Unpaid Training Sessions

"Besides gruelling shifts, Ms. Beatty spent many unpaid hours attending skill-training sessions offered by the MTA. There she learned the basics of electrical circuits and the remedial math she needed to qualify for a promotion. She hoped to enter a MTA training program that would propel her to a position as an inspector, checking subway cars when they roll into the maintenance shop and repairing or replacing any worn or damaged parts.

"Once it was fairly easy for a motivated subway worker to get into a training program. In the 1980s, the MTA Training Center, housed in a converted elementary schools in Brooklyn, bustled with day and night classes. Hundreds of cleaners, security guards and entry-level workers passed through each year, some undergoing formal MTA training and others attending seminars for promotional exams in the months ahead.

"Between 1981 and 1991, the MTA offered a promotional exam for car-inspector jobs five times – twice in 1986 alone – and attracted more than 1,500 applicants from its own ranks. Since 1991, the MTA offered the exam only once, in 1999, when Ms. Beatty was one of 145 applicants who took the test. She was one of 35 selected.

"Ms. Beatty had to wait till 2001 to start her training. For 18 months, the MTA paid her to attend all-day sessions. Commuting with a fellow student from Long Island early on, she suffered a car accident, which left her with a badly injured ankle. Warned she would have to wait years to requalify if she dropped out, she hobbled to classes on crutches.

"She says she loved the technical classes dealing with power tools, traction motors, pneumatic brakes and propulsion systems, but she struggled with math, as did many others who hadn’t been in a classroom for years."

College Degrees as an Ever More Expensive Need for Advancement

"In 2002, the MTA started requiring that new entrants in the subway car maintenance program either have a recent degree from a vocational high school or a community-college degree in technology because so many jobs demand electronic skills. Mrs. Beatty with her 20-year-old diploma from a regular high school wouldn’t make the cut today.

"Three months ago under pressure from the Transport Workers Union, the MTA started a new subway-inspector training course with 13 students, all from the union’s ranks. Of the 13, six are former cleaners, and all of them have technical degrees. The others came from skilled jobs such as forklift operator and signalman’s assistant.
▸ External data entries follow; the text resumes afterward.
(* Let $T\in\mathbb{R}^{M\times M}$ be symmetric positive definite, let $D\in\mathbb{R}^{M\times M}$ be diagonal with nonpositive diagonal entries, and let $\omega>0$. Let $\mathcal{B},\mathcal{H},\mathcal{L}_\omega$ be as defined in the context. Then $\omega I+\mathcal{B}$ and $\omega I+\mathcal{H}$ are invertible, and the spectral radius of $\mathcal{L}_\omega$ satisfies $$\rho(\mathcal{L}_\omega)\le \sigma(\omega)<1,\qquad \sigma(\omega)=\max_{\lambda_i\in\lambda(D)}\left|\frac{\omega+\lambda_i}{\omega-\lambda_i}\right|\cdot\max_{\mu_i\in\lambda(T)}\sqrt{\frac{(\omega-\mu_i)^2+1}{(\omega+\mu_i)^2+1}},$$ where $\lambda(D)$ and $\lambda(T)$ denote the sets of eigenvalues of $D$ and $T$. In particular, the iteration $x^{(k+1)}=\mathcal{L}_\omega x^{(k)}+\mathcal{F}_\omega^{-1}f$ (equivalently, $(\omega I+\mathcal{B})x^{(k+1/2)}=(\omega I-\mathcal{H})x^{(k)}+f$, $(\omega I+\mathcal{H})x^{(k+1)}=(\omega I-\mathcal{B})x^{(k+1/2)}+f$) converges to the solution of $\mathcal{R}x=f$ for every initial guess and every $f\in\mathbb{R}^{2M}$.
   Context: Let $T\in\mathbb{R}^{M\times M}$ and $D\in\mathbb{R}^{M\times M}$ be as stated, and let $I$ denote the identity matrix of the appropriate size. Define the $2M\times 2M$ real block matrices $$\mathcal{R}=\begin{bmatrix}T-D & -I\\ I & T-D\end{bmatrix},\quad \mathcal{B}=\begin{bmatrix}-D&0\\0&-D\end{bmatrix},\quad \mathcal{H}=\begin{bmatrix}T&-I\\ I&T\end{bmatrix},$$ so that $\mathcal{R}=\mathcal{B}+\mathcal{H}$. For $\omega>0$ define $$\mathcal{F}_\omega=\tfrac{1}{2\omega}(\omega I+\mathcal{B})(\omega I+\mathcal{H}),\quad \mathcal{G}_\omega=\tfrac{1}{2\omega}(\omega I-\mathcal{B})(\omega I-\mathcal{H}),$$ $$\mathcal{L}_\omega=(\omega I+\mathcal{H})^{-1}(\omega I-\mathcal{B})(\omega I+\mathcal{B})^{-1}(\omega I-\mathcal{H})=\mathcal{F}_\omega^{-1}\mathcal{G}_\omega .$$ *)

theory Defs
  imports "Jordan_Normal_Form.Spectral_Radius"
begin

definition spd_mat :: "nat \<Rightarrow> real mat \<Rightarrow> bool" where
  "spd_mat n T \<longleftrightarrow> T \<in> carrier_mat n n \<and> transpose_mat T = T \<and>
     (\<forall>x \<in> carrier_vec n. x \<noteq> 0\<^sub>v n \<longrightarrow> x \<bullet> (T *\<^sub>v x) > 0)"

text \<open>The inverse of a square matrix (meaningful when the matrix is invertible).\<close>
definition inv_mat :: "real mat \<Rightarrow> real mat" where
  "inv_mat A = (SOME B. B \<in> carrier_mat (dim_row A) (dim_row A) \<and>
                         A * B = 1\<^sub>m (dim_row A) \<and> B * A = 1\<^sub>m (dim_row A))"

definition Rblk :: "real mat \<Rightarrow> real mat \<Rightarrow> real mat" where
  "Rblk T D = four_block_mat (T - D) (- 1\<^sub>m (dim_row D)) (1\<^sub>m (dim_row D)) (T - D)"

definition Bblk :: "real mat \<Rightarrow> real mat" where
  "Bblk D = four_block_mat (- D) (0\<^sub>m (dim_row D) (dim_row D)) (0\<^sub>m (dim_row D) (dim_row D)) (- D)"

definition Hblk :: "real mat \<Rightarrow> real mat" where
  "Hblk T = four_block_mat T (- 1\<^sub>m (dim_row T)) (1\<^sub>m (dim_row T)) T"

definition Fmat :: "real \<Rightarrow> real mat \<Rightarrow> real mat \<Rightarrow> real mat" where
  "Fmat \<omega> T D = (let n = 2 * dim_row D in
     (1 / (2 * \<omega>)) \<cdot>\<^sub>m ((\<omega> \<cdot>\<^sub>m 1\<^sub>m n + Bblk D) * (\<omega> \<cdot>\<^sub>m 1\<^sub>m n + Hblk T)))"

definition Gmat :: "real \<Rightarrow> real mat \<Rightarrow> real mat \<Rightarrow> real mat" where
  "Gmat \<omega> T D = (let n = 2 * dim_row D in
     (1 / (2 * \<omega>)) \<cdot>\<^sub>m ((\<omega> \<cdot>\<^sub>m 1\<^sub>m n - Bblk D) * (\<omega> \<cdot>\<^sub>m 1\<^sub>m n - Hblk T)))"

definition Lmat :: "real \<Rightarrow> real mat \<Rightarrow> real mat \<Rightarrow> real mat" where
  "Lmat \<omega> T D = (let n = 2 * dim_row D in
     inv_mat (\<omega> \<cdot>\<^sub>m 1\<^sub>m n + Hblk T) * (\<omega> \<cdot>\<^sub>m 1\<^sub>m n - Bblk D)
       * inv_mat (\<omega> \<cdot>\<^sub>m 1\<^sub>m n + Bblk D) * (\<omega> \<cdot>\<^sub>m 1\<^sub>m n - Hblk T))"

definition sigma :: "real \<Rightarrow> real mat \<Rightarrow> real mat \<Rightarrow> real" where
  "sigma \<omega> T D =
     Max ((\<lambda>l. \<bar>(\<omega> + l) / (\<omega> - l)\<bar>) ` {l. eigenvalue D l}) *
     Max ((\<lambda>m. sqrt (((\<omega> - m)^2 + 1) / ((\<omega> + m)^2 + 1))) ` {m. eigenvalue T m})"

definition vec_tendsto :: "(nat \<Rightarrow> real vec) \<Rightarrow> real vec \<Rightarrow> bool" where
  "vec_tendsto X x \<longleftrightarrow> (\<forall>i < dim_vec x. (\<lambda>k. X k $ i) \<longlonglongrightarrow> x $ i)"

end

theory Submission
  imports Defs
begin

text \<open>
  \<open>\<omega> I + \<B>\<close> is diagonal with entries \<open>\<omega> - D\<^sub>i\<^sub>i > 0\<close>, and for \<open>u = (a, b)\<close> one has
  \<open>\<parallel>(\<omega> I \<plusminus> \<H>) u\<parallel>\<^sup>2 = \<parallel>(\<omega> \<plusminus> T) a\<parallel>\<^sup>2 + \<parallel>a\<parallel>\<^sup>2 + \<parallel>(\<omega> \<plusminus> T) b\<parallel>\<^sup>2 + \<parallel>b\<parallel>\<^sup>2\<close>
  because the cross terms cancel for symmetric \<open>T\<close>; in particular both shifted matrices are injective.
  In the norm \<open>v \<mapsto> \<parallel>(\<omega> I + \<H>) v\<parallel>\<close> the matrix \<open>\<L>\<^sub>\<omega>\<close> acts as
  \<open>(\<omega> I - \<B>)(\<omega> I + \<B>)\<^sup>-\<^sup>1 \<cdot> (\<omega> I - \<H>)(\<omega> I + \<H>)\<^sup>-\<^sup>1\<close>. The first factor is diagonal and
  contracts by the first maximum in \<open>\<sigma>(\<omega>)\<close>; the second contracts by the second maximum \<open>\<beta>\<close>,
  since \<open>(\<omega> - T)\<^sup>2 + I - \<beta>\<^sup>2 ((\<omega> + T)\<^sup>2 + I)\<close> is a quadratic polynomial in the symmetric matrix
  \<open>T\<close> that is nonpositive on its spectrum. Applied to real and imaginary parts of a complex eigenvector, this bounds
  every eigenvalue of \<open>\<L>\<^sub>\<omega>\<close> by \<open>\<sigma>(\<omega>) < 1\<close>. Finally \<open>\<F>\<^sub>\<omega> - \<G>\<^sub>\<omega> = \<R>\<close> and
  \<open>\<F>\<^sub>\<omega> \<L>\<^sub>\<omega> = \<G>\<^sub>\<omega>\<close> (the diagonal factors commute), so the solution of \<open>\<R> x = f\<close> is the fixed
  point of the affine iteration, which therefore converges to it.
\<close>

section \<open>Real vectors and symmetric matrices\<close>

lemma scalar_prod_self_sum_squares:
  "x \<in> carrier_vec n \<Longrightarrow> x \<bullet> (x :: real vec) = (\<Sum>i<n. (x $ i)^2)"
  by (simp add: scalar_prod_def lessThan_atLeast0 power2_eq_square)

lemma scalar_prod_self_nonneg: "(x :: real vec) \<bullet> x \<ge> 0"
  unfolding scalar_prod_def by (auto intro: sum_nonneg)

lemma scalar_prod_self_eq_0_iff:
  assumes "(x :: real vec) \<in> carrier_vec n" shows "x \<bullet> x = 0 \<longleftrightarrow> x = 0\<^sub>v n"
proof -
  have "conjugate x = x" by (rule eq_vecI) (auto simp: conjugate_vec_def)
  then show ?thesis using conjugate_square_eq_0_vec[OF assms] by simp
qed

lemma scalar_prod_self_le:
  assumes "v \<in> carrier_vec n" and "\<And>i. i < n \<Longrightarrow> \<bar>v $ i\<bar> \<le> B"
  shows "v \<bullet> (v :: real vec) \<le> real n * B^2"
proof -
  have "v \<bullet> v = (\<Sum>i<n. \<bar>v $ i\<bar>^2)" using assms(1) by (simp add: scalar_prod_self_sum_squares)
  also have "\<dots> \<le> (\<Sum>i<n. B^2)" using assms(2) by (intro sum_mono power_mono) auto
  finally show ?thesis by simp
qed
"Richard Gorman, the assistant vice president for employment services at the MTA’s New York City Transit division, says the authority would like to offer more promotions for low level employees but the need for computer skills and rudimentary math ability makes it difficult. The union counters that many of those skills can be taught.

"Both sides agree that improved productivity at a system that was once notorious for breakdowns and graffiti has reduced the pool of new jobs to which cleaners and security guards can aspire. Staff at a big Coney Island maintenance depot has been cut from over 1000 to 600 in the past five years. When MTA replaced subway tokens with prepaid Metro Cards, 120 skilled machinist positions were eliminated. [The union] persuaded the MTA to retrain the workers to repair card-vending machines."

The complex many-faceted problem seems to be crying for a shift in the concept of a corporation, whether public or private. It has to do with helping to maintain the community it works in as well as its own equipment. With this, in the long run both corporation and society could come ahead.

But meanwhile let us ponder yet another paradox. The moral of The Wall Street Journal I have summarized is that a technical education has become so crucial that those without can find their careers and lives blocked forever. Why then would our government not recognize education, and accordingly health and social services that protect the education once it is delivered as investments. Surely that is a bad leak of that famous item "efficiency" that is so incessantly praised and so little protected.